## PROBLEM DESCRIPTION
In the material below, which lines hold the word "lambda"? Pick each one out.

## WORKING DATA
::::

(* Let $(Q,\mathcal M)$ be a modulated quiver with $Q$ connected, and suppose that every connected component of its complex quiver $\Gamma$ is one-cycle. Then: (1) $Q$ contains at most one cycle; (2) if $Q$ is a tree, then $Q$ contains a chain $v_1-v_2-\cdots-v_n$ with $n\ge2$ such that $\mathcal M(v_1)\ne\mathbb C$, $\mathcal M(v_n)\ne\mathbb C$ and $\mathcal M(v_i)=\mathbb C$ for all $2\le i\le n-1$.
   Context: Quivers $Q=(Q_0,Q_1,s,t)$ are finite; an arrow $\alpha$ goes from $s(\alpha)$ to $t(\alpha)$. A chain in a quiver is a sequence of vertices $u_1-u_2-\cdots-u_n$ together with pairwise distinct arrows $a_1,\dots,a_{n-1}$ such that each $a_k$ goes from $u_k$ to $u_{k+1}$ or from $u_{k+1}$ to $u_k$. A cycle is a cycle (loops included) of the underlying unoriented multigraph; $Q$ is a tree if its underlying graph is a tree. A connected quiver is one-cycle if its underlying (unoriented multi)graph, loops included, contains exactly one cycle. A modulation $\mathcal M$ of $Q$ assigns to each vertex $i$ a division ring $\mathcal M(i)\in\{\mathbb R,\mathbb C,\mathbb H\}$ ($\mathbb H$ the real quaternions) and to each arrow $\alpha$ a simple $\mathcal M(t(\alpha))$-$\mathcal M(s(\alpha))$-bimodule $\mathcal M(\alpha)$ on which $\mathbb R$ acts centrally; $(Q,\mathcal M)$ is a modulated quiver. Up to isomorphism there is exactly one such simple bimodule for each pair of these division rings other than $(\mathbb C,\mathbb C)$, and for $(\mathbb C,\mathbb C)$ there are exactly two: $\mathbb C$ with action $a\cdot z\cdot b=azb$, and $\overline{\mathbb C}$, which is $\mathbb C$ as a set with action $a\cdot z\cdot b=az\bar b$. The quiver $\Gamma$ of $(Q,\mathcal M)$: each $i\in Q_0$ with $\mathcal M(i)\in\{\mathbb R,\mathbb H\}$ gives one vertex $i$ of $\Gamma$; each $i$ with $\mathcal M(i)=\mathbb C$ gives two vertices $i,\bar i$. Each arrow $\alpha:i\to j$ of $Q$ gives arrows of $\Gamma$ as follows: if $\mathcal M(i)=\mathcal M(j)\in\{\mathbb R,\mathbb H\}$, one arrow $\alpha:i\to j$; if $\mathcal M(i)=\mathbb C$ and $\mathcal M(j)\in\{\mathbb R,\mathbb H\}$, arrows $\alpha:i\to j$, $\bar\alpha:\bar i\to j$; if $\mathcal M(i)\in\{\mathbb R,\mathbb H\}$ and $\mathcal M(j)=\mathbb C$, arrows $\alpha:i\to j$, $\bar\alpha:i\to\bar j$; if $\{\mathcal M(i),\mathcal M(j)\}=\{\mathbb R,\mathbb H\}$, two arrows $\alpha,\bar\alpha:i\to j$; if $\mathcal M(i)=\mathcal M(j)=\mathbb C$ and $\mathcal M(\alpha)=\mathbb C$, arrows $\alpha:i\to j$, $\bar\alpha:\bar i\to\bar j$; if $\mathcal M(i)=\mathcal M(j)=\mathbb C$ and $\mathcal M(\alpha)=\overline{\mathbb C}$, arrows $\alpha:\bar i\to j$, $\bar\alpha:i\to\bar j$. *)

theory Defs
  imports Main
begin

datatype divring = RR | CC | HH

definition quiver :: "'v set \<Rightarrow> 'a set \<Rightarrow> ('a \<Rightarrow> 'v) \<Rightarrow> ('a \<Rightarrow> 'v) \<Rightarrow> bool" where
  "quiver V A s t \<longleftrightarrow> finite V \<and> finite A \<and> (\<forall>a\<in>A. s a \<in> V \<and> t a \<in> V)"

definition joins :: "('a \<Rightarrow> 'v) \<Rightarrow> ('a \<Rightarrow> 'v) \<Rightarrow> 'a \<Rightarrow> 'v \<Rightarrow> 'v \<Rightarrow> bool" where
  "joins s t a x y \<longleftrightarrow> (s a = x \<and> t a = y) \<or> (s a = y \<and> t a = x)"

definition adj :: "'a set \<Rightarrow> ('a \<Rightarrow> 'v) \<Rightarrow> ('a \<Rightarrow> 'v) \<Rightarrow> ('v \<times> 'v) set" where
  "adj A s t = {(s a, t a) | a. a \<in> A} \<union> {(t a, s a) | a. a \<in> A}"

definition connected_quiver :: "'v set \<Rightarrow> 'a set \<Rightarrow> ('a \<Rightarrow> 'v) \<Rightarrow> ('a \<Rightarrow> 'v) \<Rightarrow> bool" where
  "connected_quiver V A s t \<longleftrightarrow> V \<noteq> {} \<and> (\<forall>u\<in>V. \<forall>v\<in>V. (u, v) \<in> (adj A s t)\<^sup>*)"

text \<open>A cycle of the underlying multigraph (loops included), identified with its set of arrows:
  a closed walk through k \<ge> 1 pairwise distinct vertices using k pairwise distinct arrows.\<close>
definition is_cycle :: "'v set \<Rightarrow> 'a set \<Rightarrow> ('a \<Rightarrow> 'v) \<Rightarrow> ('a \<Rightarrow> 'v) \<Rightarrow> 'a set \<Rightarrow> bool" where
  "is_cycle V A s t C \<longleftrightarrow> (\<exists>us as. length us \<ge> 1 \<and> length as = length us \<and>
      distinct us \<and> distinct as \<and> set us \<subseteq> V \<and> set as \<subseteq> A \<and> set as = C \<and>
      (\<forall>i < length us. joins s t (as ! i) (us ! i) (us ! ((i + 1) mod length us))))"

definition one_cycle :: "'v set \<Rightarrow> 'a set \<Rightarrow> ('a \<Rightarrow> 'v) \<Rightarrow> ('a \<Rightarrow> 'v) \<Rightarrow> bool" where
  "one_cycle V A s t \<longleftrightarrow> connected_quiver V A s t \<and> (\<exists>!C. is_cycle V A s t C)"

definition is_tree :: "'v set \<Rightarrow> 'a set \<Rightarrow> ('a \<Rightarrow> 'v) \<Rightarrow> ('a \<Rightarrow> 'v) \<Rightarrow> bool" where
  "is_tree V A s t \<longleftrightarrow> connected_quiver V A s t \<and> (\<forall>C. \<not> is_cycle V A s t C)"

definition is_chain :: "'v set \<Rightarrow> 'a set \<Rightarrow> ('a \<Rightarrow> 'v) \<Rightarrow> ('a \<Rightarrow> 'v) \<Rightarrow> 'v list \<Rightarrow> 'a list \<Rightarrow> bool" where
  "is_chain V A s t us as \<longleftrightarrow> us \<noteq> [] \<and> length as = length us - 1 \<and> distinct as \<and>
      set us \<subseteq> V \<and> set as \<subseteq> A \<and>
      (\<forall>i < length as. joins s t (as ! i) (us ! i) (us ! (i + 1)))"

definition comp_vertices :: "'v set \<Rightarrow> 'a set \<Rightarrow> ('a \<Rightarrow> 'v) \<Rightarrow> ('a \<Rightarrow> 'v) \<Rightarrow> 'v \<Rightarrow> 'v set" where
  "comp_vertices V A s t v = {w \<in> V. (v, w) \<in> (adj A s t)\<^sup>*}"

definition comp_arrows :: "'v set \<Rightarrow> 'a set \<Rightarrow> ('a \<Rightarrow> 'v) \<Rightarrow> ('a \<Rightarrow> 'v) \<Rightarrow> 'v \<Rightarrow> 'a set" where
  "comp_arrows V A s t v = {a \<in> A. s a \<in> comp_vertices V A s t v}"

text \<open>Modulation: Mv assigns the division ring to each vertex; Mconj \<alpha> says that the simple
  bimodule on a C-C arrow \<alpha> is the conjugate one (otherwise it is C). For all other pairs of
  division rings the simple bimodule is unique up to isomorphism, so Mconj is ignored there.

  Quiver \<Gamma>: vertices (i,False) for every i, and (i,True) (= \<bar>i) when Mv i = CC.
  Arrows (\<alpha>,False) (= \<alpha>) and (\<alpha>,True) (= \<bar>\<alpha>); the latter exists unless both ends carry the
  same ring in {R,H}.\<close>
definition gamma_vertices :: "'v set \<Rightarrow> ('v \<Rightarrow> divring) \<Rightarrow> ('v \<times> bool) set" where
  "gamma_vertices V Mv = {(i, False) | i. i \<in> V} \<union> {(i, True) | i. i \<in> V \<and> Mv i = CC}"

::::

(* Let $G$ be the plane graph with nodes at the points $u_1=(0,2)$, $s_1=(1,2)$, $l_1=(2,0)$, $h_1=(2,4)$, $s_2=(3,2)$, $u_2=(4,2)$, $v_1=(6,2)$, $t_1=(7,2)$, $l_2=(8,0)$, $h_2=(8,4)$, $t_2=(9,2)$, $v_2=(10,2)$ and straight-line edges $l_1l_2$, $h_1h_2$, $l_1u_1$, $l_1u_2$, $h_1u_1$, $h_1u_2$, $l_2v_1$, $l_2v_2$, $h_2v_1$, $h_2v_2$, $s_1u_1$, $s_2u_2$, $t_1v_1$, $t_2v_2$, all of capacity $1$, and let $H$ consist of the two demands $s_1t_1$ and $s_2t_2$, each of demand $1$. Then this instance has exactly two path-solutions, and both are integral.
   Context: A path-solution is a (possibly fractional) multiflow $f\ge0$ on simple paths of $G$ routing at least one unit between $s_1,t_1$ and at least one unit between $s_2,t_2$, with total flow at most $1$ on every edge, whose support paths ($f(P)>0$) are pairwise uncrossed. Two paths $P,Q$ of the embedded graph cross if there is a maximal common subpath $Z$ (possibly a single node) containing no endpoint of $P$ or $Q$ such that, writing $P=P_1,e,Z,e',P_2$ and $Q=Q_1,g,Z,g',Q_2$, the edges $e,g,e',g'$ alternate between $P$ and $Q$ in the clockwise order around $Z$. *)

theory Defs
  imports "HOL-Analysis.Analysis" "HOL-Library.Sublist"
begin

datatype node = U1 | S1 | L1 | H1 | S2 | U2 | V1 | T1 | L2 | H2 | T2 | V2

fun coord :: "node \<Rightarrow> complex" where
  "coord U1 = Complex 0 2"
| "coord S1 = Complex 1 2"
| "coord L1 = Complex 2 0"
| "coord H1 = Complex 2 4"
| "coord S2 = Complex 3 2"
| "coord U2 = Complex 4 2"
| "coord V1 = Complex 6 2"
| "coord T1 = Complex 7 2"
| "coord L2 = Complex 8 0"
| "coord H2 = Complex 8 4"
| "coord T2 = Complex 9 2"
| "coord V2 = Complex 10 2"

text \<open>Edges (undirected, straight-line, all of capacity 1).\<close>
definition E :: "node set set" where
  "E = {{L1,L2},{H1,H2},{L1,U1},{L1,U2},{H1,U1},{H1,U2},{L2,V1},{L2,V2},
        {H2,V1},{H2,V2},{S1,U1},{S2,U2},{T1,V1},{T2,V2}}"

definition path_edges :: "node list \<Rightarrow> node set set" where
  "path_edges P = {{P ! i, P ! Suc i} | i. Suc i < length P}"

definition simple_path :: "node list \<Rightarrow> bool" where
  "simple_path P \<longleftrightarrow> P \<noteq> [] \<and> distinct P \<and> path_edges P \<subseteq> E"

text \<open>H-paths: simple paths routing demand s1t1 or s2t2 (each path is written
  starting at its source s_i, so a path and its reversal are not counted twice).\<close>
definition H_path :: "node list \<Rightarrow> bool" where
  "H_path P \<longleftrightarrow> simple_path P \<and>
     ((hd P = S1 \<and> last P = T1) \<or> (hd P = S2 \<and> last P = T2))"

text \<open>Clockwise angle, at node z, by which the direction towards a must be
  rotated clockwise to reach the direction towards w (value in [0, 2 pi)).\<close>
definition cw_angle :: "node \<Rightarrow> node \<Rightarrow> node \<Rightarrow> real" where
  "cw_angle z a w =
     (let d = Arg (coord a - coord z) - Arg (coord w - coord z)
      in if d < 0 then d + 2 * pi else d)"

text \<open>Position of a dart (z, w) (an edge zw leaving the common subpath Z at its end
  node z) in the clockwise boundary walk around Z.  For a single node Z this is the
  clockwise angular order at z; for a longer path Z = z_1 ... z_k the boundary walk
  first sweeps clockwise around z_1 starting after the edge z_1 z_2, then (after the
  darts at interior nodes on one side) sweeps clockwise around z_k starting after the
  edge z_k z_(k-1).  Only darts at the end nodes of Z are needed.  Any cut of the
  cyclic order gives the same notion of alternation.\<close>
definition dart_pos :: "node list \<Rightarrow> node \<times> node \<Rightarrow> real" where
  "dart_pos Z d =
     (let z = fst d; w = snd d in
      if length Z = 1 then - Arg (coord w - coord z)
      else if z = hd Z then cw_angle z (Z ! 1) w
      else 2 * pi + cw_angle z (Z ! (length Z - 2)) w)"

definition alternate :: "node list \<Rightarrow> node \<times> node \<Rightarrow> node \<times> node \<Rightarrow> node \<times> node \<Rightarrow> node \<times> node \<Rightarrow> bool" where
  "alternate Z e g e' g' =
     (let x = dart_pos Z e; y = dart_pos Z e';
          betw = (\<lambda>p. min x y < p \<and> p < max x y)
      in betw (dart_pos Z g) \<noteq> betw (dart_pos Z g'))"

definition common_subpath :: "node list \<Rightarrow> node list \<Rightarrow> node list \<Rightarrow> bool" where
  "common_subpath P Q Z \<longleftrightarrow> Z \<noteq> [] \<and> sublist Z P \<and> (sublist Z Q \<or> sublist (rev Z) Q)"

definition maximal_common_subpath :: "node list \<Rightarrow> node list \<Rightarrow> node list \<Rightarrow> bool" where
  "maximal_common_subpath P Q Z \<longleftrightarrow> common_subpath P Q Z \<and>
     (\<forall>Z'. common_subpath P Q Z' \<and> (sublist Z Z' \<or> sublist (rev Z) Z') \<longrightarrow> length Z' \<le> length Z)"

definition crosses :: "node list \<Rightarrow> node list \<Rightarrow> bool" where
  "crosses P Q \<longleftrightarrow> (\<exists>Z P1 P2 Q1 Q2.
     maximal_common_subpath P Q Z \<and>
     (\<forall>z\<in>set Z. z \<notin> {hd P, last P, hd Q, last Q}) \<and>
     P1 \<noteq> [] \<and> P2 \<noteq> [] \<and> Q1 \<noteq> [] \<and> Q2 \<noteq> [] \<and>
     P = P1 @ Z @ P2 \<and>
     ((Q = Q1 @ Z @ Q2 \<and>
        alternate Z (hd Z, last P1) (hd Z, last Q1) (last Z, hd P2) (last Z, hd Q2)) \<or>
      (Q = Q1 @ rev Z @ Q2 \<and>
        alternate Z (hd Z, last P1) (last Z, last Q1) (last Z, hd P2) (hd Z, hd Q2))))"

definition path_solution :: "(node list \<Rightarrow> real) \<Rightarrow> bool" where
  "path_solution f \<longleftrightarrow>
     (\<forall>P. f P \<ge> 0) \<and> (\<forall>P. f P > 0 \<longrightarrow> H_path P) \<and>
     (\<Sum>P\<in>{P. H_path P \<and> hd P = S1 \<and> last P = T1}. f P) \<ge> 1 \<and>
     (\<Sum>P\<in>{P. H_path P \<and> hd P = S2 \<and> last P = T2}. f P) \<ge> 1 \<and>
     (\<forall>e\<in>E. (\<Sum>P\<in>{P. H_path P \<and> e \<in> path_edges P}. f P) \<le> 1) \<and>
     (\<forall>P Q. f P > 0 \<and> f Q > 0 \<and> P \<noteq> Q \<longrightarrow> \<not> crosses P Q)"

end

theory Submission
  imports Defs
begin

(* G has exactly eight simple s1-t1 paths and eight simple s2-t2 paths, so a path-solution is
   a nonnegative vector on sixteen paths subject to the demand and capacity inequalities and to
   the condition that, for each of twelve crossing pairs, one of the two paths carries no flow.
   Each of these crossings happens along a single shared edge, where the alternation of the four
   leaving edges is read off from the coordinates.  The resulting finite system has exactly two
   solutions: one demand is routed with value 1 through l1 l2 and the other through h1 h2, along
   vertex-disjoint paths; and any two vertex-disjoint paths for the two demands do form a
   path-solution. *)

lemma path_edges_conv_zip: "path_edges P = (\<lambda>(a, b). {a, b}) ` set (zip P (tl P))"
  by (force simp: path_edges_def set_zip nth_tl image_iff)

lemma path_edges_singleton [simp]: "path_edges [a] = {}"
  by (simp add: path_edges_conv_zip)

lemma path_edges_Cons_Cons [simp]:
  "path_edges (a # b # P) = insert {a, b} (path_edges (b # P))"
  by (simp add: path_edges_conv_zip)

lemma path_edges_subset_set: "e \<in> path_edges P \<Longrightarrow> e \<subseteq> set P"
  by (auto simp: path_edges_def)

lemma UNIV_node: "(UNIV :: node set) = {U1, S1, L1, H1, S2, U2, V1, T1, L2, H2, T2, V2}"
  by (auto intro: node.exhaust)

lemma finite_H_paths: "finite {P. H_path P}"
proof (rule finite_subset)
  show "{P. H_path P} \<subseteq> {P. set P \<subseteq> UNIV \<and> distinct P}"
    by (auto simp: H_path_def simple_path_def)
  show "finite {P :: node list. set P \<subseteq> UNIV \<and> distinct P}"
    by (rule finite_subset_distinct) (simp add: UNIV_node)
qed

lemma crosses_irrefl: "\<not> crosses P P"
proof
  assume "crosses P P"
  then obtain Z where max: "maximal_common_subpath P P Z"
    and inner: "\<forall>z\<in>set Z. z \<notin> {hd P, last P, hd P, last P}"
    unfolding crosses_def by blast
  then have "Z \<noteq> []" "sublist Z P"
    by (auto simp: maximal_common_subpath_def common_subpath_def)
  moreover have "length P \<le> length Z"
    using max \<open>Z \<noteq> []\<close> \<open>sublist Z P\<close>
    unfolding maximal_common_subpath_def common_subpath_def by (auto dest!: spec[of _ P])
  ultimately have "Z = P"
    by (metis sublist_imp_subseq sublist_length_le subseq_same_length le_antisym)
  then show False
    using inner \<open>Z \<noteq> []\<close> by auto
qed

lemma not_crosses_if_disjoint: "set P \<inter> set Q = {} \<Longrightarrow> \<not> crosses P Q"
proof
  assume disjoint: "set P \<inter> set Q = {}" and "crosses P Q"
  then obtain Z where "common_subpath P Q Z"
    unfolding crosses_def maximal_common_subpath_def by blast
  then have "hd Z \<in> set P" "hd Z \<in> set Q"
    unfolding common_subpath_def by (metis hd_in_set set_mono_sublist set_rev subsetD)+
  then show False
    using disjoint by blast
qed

::::

## REPLY
          betw = (\<lambda>p. min x y < p \<and> p < max x y)
lemma path_edges_conv_zip: "path_edges P = (\<lambda>(a, b). {a, b}) ` set (zip P (tl P))"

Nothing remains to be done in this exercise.